The response must consist of every record, restated word for word.

◆ ◆ ◆ ◆ ◆ ◆ ◆

lemma sum_tuples_split_at:
  fixes f :: "'a::finite list \<Rightarrow> 'b::comm_monoid_add"
  assumes "k < n"
  shows "(\<Sum>xs\<in>tuples n. f xs)
       = (\<Sum>ys\<in>tuples k. \<Sum>y\<in>UNIV. \<Sum>zs\<in>tuples (n - Suc k). f (ys @ y # zs))"
  using assms by (simp add: sum_tuples_append[of "Suc k" n] sum_tuples_snoc)

lemma sum_tuples_prod_list:
  fixes m :: "'a::finite \<Rightarrow> 'b::comm_semiring_1"
  shows "(\<Sum>zs\<in>tuples j. prod_list (map m zs)) = sum m UNIV ^ j"
proof (induction j)
  case 0
  then show ?case by (simp add: tuples_def)
next
  case (Suc j)
  then show ?case
    by (simp add: sum_tuples_Cons sum_distrib_left[symmetric] sum_distrib_right[symmetric])
qed

lemma sum_tuples_permute_list:
  fixes f :: "'a::finite list \<Rightarrow> 'b::comm_monoid_add"
  assumes \<sigma>: "\<sigma> permutes {..<n}"
  shows "(\<Sum>xs\<in>tuples n. f (permute_list \<sigma> xs)) = (\<Sum>xs\<in>tuples n. f xs)"
proof (rule sum.reindex_bij_witness[where i="permute_list (inv \<sigma>)" and j="permute_list \<sigma>"])
  fix xs :: "'a list"
  assume "xs \<in> tuples n"
  then have "length xs = n" by (simp add: tuples_def)
  then show "permute_list \<sigma> (permute_list (inv \<sigma>) xs) = xs"
    and "permute_list (inv \<sigma>) (permute_list \<sigma> xs) = xs"
    using permute_list_compose[of "inv \<sigma>" xs \<sigma>] permute_list_compose[of \<sigma> xs "inv \<sigma>"]
      permutes_inv[OF \<sigma>] permutes_inv_o[OF \<sigma>] \<sigma> by simp_all
qed (simp_all add: tuples_def)

lemma prod_list_map_nth: "prod_list (map f xs) = (\<Prod>i<length xs. f (xs ! i))"
  by (induction xs) (auto simp del: prod.lessThan_Suc simp: prod.lessThan_Suc_shift)

section \<open>Bhattacharyya coefficient and Hellinger distance\<close>

definition bhattacharyya :: "'b set \<Rightarrow> ('b \<Rightarrow> real) \<Rightarrow> ('b \<Rightarrow> real) \<Rightarrow> real" where
  "bhattacharyya S f g = (\<Sum>x\<in>S. sqrt (f x * g x))"

text \<open>\<open>\<surd>2\<close> times the Hellinger distance, but defined for all nonnegative functions and
  satisfying the triangle inequality.\<close>
definition sqrt_dist :: "'b set \<Rightarrow> ('b \<Rightarrow> real) \<Rightarrow> ('b \<Rightarrow> real) \<Rightarrow> real" where
  "sqrt_dist S f g = L2_set (\<lambda>x. sqrt (f x) - sqrt (g x)) S"

lemma sqrt_dist_nonneg: "sqrt_dist S f g \<ge> 0"
  by (simp add: sqrt_dist_def)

◆ ◆ ◆ ◆ ◆ ◆ ◆

#### [ANSWER SECTION]
lemma sum_tuples_split_at:
  fixes f :: "'a::finite list \<Rightarrow> 'b::comm_monoid_add"
  assumes "k < n"
  shows "(\<Sum>xs\<in>tuples n. f xs)
       = (\<Sum>ys\<in>tuples k. \<Sum>y\<in>UNIV. \<Sum>zs\<in>tuples (n - Suc k). f (ys @ y # zs))"
  using assms by (simp add: sum_tuples_append[of "Suc k" n] sum_tuples_snoc)

lemma sum_tuples_prod_list:
  fixes m :: "'a::finite \<Rightarrow> 'b::comm_semiring_1"
  shows "(\<Sum>zs\<in>tuples j. prod_list (map m zs)) = sum m UNIV ^ j"
proof (induction j)
  case 0
  then show ?case by (simp add: tuples_def)
next
  case (Suc j)
  then show ?case
    by (simp add: sum_tuples_Cons sum_distrib_left[symmetric] sum_distrib_right[symmetric])
qed

lemma sum_tuples_permute_list:
  fixes f :: "'a::finite list \<Rightarrow> 'b::comm_monoid_add"
  assumes \<sigma>: "\<sigma> permutes {..<n}"
  shows "(\<Sum>xs\<in>tuples n. f (permute_list \<sigma> xs)) = (\<Sum>xs\<in>tuples n. f xs)"
proof (rule sum.reindex_bij_witness[where i="permute_list (inv \<sigma>)" and j="permute_list \<sigma>"])
  fix xs :: "'a list"
  assume "xs \<in> tuples n"
  then have "length xs = n" by (simp add: tuples_def)
  then show "permute_list \<sigma> (permute_list (inv \<sigma>) xs) = xs"
    and "permute_list (inv \<sigma>) (permute_list \<sigma> xs) = xs"
    using permute_list_compose[of "inv \<sigma>" xs \<sigma>] permute_list_compose[of \<sigma> xs "inv \<sigma>"]
      permutes_inv[OF \<sigma>] permutes_inv_o[OF \<sigma>] \<sigma> by simp_all
qed (simp_all add: tuples_def)

lemma prod_list_map_nth: "prod_list (map f xs) = (\<Prod>i<length xs. f (xs ! i))"
  by (induction xs) (auto simp del: prod.lessThan_Suc simp: prod.lessThan_Suc_shift)

section \<open>Bhattacharyya coefficient and Hellinger distance\<close>

definition bhattacharyya :: "'b set \<Rightarrow> ('b \<Rightarrow> real) \<Rightarrow> ('b \<Rightarrow> real) \<Rightarrow> real" where
  "bhattacharyya S f g = (\<Sum>x\<in>S. sqrt (f x * g x))"

text \<open>\<open>\<surd>2\<close> times the Hellinger distance, but defined for all nonnegative functions and
  satisfying the triangle inequality.\<close>
definition sqrt_dist :: "'b set \<Rightarrow> ('b \<Rightarrow> real) \<Rightarrow> ('b \<Rightarrow> real) \<Rightarrow> real" where
  "sqrt_dist S f g = L2_set (\<lambda>x. sqrt (f x) - sqrt (g x)) S"

lemma sqrt_dist_nonneg: "sqrt_dist S f g \<ge> 0"
  by (simp add: sqrt_dist_def)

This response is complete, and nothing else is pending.